● RECORDS SHOWN:
==================================================
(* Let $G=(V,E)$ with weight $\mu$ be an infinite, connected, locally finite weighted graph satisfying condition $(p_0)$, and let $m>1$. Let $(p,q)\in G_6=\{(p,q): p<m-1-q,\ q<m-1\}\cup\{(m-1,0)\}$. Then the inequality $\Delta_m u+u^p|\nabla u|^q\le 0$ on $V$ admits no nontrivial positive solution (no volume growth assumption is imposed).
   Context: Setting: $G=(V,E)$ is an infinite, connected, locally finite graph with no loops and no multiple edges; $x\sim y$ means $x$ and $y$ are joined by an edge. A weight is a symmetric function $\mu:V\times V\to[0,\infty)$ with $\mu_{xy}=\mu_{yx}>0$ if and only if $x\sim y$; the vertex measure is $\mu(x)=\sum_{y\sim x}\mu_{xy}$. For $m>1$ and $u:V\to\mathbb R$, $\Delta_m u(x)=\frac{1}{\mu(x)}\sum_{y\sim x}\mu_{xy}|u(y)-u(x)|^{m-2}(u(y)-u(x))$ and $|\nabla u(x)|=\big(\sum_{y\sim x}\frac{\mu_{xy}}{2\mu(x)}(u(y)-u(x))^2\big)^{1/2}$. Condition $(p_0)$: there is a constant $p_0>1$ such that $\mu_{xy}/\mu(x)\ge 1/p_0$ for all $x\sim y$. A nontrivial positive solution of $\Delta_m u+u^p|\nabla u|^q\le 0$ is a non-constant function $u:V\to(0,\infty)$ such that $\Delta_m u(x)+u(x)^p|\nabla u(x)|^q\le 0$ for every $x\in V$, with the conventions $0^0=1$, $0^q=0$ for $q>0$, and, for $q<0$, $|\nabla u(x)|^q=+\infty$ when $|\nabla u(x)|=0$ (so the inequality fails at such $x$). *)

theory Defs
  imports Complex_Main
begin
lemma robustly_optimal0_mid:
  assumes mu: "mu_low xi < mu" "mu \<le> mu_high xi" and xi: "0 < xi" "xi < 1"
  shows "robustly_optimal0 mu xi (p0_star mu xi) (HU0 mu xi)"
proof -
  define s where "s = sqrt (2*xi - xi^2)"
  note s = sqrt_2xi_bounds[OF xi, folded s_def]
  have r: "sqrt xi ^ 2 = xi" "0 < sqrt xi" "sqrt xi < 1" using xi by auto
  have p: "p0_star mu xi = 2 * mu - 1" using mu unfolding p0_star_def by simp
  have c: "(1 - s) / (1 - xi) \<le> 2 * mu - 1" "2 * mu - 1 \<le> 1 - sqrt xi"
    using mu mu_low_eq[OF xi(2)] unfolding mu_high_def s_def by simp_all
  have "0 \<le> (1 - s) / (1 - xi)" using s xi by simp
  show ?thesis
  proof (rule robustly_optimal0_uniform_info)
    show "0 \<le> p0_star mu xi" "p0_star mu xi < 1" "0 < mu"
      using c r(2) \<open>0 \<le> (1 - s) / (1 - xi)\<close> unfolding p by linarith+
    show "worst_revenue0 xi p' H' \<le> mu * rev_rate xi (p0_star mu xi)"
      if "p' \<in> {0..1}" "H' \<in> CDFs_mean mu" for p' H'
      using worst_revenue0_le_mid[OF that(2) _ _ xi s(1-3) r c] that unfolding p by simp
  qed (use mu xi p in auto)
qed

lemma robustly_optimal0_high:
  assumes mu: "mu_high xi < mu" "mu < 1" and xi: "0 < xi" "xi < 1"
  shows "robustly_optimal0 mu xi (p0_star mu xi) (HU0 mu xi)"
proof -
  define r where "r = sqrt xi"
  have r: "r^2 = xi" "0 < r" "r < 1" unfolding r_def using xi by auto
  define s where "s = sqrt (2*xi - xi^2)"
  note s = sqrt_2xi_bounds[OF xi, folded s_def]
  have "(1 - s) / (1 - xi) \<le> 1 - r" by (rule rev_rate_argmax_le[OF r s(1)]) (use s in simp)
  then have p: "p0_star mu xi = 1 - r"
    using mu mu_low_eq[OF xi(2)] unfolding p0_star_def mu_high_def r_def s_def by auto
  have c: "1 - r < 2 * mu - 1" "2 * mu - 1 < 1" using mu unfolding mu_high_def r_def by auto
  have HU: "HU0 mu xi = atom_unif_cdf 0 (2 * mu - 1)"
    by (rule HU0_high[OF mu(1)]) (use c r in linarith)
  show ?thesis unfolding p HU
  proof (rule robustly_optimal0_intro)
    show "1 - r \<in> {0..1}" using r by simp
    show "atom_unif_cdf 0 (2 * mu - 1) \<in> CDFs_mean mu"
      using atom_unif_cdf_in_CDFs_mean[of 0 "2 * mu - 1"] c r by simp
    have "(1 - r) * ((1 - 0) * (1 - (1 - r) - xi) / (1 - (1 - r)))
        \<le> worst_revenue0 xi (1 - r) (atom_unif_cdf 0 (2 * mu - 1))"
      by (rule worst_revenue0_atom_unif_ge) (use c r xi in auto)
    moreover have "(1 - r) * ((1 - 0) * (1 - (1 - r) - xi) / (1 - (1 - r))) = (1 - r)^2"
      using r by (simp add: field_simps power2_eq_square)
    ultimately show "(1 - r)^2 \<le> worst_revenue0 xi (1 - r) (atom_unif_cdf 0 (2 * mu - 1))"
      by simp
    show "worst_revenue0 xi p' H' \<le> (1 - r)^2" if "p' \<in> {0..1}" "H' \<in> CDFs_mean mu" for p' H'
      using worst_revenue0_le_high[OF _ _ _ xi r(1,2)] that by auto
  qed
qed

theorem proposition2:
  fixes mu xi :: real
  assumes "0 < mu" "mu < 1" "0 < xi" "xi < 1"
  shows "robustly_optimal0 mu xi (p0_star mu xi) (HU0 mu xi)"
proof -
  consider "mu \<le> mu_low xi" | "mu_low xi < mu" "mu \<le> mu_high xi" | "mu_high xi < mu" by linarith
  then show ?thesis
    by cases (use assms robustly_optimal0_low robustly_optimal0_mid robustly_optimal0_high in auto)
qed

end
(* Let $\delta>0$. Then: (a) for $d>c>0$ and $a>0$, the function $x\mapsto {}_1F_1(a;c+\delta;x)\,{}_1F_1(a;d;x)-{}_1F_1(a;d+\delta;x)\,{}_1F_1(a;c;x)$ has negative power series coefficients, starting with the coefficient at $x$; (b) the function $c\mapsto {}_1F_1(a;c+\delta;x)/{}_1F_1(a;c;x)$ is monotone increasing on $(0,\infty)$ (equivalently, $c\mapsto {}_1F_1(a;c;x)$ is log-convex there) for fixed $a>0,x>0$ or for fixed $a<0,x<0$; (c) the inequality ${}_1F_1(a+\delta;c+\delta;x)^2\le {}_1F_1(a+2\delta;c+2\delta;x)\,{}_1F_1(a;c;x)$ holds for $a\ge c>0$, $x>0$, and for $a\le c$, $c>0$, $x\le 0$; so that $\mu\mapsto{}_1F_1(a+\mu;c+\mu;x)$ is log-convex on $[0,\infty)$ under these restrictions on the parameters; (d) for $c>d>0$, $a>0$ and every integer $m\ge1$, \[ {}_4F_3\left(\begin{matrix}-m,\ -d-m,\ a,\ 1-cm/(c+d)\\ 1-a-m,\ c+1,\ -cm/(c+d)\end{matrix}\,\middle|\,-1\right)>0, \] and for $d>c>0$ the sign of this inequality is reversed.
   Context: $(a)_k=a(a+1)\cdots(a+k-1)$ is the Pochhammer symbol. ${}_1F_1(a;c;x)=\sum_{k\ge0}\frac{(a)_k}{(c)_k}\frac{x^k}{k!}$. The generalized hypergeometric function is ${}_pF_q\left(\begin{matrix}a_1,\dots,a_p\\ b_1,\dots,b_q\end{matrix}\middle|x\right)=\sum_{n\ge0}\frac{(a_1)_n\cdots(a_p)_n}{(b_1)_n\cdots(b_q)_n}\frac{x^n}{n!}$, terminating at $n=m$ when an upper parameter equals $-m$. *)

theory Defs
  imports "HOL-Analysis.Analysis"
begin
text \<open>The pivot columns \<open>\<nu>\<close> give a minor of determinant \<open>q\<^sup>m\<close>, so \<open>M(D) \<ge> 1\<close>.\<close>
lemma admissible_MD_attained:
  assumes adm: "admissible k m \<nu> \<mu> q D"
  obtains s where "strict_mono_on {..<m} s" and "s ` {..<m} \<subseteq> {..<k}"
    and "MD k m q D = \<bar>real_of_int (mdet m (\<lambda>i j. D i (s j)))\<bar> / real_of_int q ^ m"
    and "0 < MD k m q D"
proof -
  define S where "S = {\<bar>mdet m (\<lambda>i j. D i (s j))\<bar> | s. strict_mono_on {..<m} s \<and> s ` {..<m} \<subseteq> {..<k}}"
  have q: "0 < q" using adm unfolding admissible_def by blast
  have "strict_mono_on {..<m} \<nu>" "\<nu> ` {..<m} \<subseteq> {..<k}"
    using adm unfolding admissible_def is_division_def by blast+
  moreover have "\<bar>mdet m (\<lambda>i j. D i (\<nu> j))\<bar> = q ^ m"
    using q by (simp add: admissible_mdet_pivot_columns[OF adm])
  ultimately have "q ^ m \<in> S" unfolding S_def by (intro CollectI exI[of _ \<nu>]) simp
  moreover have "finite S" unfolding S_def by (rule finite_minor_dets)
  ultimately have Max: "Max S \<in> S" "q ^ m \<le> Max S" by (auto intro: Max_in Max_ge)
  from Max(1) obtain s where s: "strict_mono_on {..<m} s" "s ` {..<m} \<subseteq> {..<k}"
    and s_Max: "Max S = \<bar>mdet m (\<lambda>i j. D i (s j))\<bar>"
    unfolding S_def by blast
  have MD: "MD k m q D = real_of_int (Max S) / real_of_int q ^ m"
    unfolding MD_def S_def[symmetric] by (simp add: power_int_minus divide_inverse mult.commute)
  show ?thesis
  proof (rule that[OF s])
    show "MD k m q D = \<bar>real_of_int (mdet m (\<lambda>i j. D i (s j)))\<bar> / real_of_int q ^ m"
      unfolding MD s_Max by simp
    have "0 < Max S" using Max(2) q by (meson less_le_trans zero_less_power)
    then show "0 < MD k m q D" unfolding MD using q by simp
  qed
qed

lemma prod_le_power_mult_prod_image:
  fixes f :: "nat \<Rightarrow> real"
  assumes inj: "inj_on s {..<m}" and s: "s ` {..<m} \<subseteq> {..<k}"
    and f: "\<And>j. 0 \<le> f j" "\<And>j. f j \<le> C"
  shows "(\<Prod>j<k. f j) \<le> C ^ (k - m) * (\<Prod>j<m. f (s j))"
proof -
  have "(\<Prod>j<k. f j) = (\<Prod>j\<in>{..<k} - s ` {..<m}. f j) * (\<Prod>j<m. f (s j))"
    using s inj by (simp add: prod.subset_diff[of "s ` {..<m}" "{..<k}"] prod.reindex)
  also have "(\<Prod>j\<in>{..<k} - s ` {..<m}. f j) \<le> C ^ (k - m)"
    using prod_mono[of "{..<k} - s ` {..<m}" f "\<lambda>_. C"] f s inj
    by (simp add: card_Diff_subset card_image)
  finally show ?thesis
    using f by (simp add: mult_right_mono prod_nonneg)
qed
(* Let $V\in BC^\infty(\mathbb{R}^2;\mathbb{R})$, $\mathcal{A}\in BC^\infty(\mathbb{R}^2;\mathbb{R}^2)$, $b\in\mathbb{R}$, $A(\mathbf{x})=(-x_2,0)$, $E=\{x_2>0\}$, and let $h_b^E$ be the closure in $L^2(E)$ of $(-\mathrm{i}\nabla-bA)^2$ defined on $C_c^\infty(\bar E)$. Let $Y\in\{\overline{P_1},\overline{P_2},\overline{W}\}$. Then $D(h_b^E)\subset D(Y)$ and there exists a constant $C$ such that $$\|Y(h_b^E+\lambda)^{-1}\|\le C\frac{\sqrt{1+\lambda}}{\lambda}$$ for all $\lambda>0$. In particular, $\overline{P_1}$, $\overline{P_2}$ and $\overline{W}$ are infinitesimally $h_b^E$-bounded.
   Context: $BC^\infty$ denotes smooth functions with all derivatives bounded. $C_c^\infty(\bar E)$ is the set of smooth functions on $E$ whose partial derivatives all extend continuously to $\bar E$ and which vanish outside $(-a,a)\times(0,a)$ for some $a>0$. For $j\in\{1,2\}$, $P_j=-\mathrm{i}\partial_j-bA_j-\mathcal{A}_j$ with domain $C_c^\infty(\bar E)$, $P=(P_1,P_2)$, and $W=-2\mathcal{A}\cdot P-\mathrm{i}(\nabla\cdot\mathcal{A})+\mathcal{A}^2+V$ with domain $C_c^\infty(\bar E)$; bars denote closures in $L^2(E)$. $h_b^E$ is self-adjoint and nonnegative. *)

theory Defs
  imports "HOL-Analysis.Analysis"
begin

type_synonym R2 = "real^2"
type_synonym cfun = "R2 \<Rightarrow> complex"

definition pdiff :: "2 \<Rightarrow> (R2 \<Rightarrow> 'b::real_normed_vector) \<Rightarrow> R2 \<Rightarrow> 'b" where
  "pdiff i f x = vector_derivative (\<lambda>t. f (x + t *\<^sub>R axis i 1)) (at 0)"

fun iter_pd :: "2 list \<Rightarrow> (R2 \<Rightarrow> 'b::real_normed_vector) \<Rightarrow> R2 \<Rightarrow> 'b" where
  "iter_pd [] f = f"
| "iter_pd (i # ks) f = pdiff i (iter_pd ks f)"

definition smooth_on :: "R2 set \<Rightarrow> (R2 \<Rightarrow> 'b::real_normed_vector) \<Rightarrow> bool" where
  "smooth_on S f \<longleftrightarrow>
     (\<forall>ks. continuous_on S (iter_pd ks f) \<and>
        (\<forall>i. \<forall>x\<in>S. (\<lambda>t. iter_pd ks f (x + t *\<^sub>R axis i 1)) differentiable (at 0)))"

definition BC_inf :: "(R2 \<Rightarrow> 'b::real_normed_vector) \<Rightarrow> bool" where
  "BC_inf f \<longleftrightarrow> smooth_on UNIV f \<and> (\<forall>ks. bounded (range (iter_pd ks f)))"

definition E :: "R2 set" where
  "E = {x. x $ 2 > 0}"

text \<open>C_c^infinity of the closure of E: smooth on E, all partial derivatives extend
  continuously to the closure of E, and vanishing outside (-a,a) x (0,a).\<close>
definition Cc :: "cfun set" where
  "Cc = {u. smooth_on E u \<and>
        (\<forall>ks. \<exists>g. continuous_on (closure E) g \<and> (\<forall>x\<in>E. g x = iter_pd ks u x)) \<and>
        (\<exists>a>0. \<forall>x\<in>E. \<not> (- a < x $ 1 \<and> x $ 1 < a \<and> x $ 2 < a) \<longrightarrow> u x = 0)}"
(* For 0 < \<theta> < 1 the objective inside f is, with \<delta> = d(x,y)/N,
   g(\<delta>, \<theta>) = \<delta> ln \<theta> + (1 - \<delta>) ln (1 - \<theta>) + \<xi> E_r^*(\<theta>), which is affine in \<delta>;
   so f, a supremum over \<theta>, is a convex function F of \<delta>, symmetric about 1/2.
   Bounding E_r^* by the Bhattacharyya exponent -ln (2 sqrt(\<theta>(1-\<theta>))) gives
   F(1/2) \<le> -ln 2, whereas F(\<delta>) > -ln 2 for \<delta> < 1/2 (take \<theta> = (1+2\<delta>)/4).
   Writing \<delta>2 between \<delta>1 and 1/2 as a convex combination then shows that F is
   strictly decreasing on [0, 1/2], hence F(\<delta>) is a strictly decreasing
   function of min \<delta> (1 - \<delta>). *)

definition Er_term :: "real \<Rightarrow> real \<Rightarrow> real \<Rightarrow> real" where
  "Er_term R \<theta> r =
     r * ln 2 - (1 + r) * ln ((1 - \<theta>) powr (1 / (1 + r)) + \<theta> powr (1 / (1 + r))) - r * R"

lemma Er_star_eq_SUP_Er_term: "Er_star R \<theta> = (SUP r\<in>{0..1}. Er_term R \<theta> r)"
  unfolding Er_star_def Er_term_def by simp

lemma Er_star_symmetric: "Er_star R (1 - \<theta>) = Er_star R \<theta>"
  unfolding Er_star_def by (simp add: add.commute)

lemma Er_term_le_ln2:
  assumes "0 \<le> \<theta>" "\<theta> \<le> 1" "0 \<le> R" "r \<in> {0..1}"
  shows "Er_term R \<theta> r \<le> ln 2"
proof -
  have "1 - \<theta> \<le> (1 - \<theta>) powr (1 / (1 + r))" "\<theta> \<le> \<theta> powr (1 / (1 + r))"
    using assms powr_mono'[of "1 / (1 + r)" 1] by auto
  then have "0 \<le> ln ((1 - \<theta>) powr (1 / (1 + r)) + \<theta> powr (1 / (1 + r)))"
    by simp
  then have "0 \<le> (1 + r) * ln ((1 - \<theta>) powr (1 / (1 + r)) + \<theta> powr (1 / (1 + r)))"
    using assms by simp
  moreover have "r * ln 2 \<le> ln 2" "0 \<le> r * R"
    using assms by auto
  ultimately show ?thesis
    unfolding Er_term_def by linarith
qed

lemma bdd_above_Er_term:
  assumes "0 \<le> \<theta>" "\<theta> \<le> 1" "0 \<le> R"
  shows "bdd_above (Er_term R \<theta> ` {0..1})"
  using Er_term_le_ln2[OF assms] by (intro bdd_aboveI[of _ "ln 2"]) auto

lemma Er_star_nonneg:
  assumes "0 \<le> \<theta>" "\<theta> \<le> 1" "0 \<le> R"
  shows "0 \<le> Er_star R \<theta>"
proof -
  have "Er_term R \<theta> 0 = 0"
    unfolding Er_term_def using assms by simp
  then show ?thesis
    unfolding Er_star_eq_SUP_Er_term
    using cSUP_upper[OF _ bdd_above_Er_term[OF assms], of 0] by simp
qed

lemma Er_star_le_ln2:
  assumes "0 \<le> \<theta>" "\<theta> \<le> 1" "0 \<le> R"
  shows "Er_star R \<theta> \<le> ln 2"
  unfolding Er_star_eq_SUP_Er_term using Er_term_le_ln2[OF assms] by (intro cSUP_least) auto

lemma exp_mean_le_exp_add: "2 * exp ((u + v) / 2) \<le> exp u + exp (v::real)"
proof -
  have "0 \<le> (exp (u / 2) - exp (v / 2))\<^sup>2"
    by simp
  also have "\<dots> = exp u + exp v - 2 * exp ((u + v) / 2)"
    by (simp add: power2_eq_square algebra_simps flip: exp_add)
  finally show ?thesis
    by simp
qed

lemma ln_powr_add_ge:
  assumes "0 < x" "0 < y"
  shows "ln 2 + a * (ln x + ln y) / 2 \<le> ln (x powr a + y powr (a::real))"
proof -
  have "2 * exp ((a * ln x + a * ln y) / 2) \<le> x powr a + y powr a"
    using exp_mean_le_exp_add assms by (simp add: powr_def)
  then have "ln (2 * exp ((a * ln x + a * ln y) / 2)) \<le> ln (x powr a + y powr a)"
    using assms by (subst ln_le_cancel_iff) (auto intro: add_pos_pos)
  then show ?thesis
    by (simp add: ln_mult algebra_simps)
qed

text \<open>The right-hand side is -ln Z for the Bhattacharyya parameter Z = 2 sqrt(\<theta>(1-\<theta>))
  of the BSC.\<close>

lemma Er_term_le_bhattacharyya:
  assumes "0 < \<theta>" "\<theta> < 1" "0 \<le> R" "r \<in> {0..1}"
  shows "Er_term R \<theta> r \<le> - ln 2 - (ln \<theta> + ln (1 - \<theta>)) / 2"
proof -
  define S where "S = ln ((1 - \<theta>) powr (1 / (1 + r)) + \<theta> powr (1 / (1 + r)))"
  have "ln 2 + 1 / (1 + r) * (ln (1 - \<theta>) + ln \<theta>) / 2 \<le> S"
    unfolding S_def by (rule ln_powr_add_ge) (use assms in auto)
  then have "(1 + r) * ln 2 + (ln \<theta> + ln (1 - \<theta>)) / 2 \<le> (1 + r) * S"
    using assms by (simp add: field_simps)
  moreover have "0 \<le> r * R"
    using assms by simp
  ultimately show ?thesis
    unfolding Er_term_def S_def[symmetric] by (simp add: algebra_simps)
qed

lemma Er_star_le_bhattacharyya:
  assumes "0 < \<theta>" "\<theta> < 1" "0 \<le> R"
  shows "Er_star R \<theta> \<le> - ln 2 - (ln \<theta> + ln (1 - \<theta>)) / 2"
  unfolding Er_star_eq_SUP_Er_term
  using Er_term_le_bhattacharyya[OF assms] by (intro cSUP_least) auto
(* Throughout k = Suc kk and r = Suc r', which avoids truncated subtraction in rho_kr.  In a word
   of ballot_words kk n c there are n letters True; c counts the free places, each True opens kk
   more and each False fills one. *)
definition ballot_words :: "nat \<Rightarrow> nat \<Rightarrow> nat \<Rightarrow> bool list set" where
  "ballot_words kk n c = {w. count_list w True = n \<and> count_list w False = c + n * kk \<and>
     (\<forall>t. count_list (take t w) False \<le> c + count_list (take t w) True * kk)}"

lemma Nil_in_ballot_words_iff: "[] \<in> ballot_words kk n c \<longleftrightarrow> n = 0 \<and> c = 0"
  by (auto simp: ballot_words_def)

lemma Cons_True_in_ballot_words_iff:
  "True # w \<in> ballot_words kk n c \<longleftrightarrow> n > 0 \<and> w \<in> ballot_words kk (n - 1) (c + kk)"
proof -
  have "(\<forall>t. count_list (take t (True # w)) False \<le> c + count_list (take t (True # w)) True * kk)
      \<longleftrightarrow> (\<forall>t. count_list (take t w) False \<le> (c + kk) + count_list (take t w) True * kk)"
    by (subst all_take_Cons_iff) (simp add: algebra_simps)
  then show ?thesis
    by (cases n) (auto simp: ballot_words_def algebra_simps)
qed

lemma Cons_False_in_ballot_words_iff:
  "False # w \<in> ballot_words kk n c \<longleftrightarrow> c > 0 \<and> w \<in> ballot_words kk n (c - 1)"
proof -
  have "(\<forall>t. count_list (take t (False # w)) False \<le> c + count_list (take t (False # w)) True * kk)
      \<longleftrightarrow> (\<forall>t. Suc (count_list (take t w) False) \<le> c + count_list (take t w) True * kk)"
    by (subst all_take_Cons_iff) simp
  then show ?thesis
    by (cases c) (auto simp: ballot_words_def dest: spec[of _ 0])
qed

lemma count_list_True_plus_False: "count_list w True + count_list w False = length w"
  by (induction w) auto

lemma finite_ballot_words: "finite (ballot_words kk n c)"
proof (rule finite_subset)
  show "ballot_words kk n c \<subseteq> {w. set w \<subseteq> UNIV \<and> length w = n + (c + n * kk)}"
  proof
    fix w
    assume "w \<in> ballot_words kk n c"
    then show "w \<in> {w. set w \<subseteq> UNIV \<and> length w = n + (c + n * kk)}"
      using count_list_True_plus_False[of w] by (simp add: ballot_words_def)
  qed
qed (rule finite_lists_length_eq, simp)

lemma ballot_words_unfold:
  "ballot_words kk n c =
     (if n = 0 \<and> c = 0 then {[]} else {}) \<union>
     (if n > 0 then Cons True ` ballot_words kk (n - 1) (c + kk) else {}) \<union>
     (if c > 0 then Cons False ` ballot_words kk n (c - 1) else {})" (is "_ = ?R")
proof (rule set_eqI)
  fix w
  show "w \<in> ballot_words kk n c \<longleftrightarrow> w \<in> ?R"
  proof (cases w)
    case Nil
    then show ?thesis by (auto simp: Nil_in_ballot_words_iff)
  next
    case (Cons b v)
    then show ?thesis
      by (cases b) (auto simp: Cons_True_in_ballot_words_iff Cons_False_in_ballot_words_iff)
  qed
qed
==================================================
● THE TASK:
Scan the lines above for the word "extend". Return each one that has it.

● ANSWER TO THE EXERCISE:
   Context: $BC^\infty$ denotes smooth functions with all derivatives bounded. $C_c^\infty(\bar E)$ is the set of smooth functions on $E$ whose partial derivatives all extend continuously to $\bar E$ and which vanish outside $(-a,a)\times(0,a)$ for some $a>0$. For $j\in\{1,2\}$, $P_j=-\mathrm{i}\partial_j-bA_j-\mathcal{A}_j$ with domain $C_c^\infty(\bar E)$, $P=(P_1,P_2)$, and $W=-2\mathcal{A}\cdot P-\mathrm{i}(\nabla\cdot\mathcal{A})+\mathcal{A}^2+V$ with domain $C_c^\infty(\bar E)$; bars denote closures in $L^2(E)$. $h_b^E$ is self-adjoint and nonnegative. *)
text \<open>C_c^infinity of the closure of E: smooth on E, all partial derivatives extend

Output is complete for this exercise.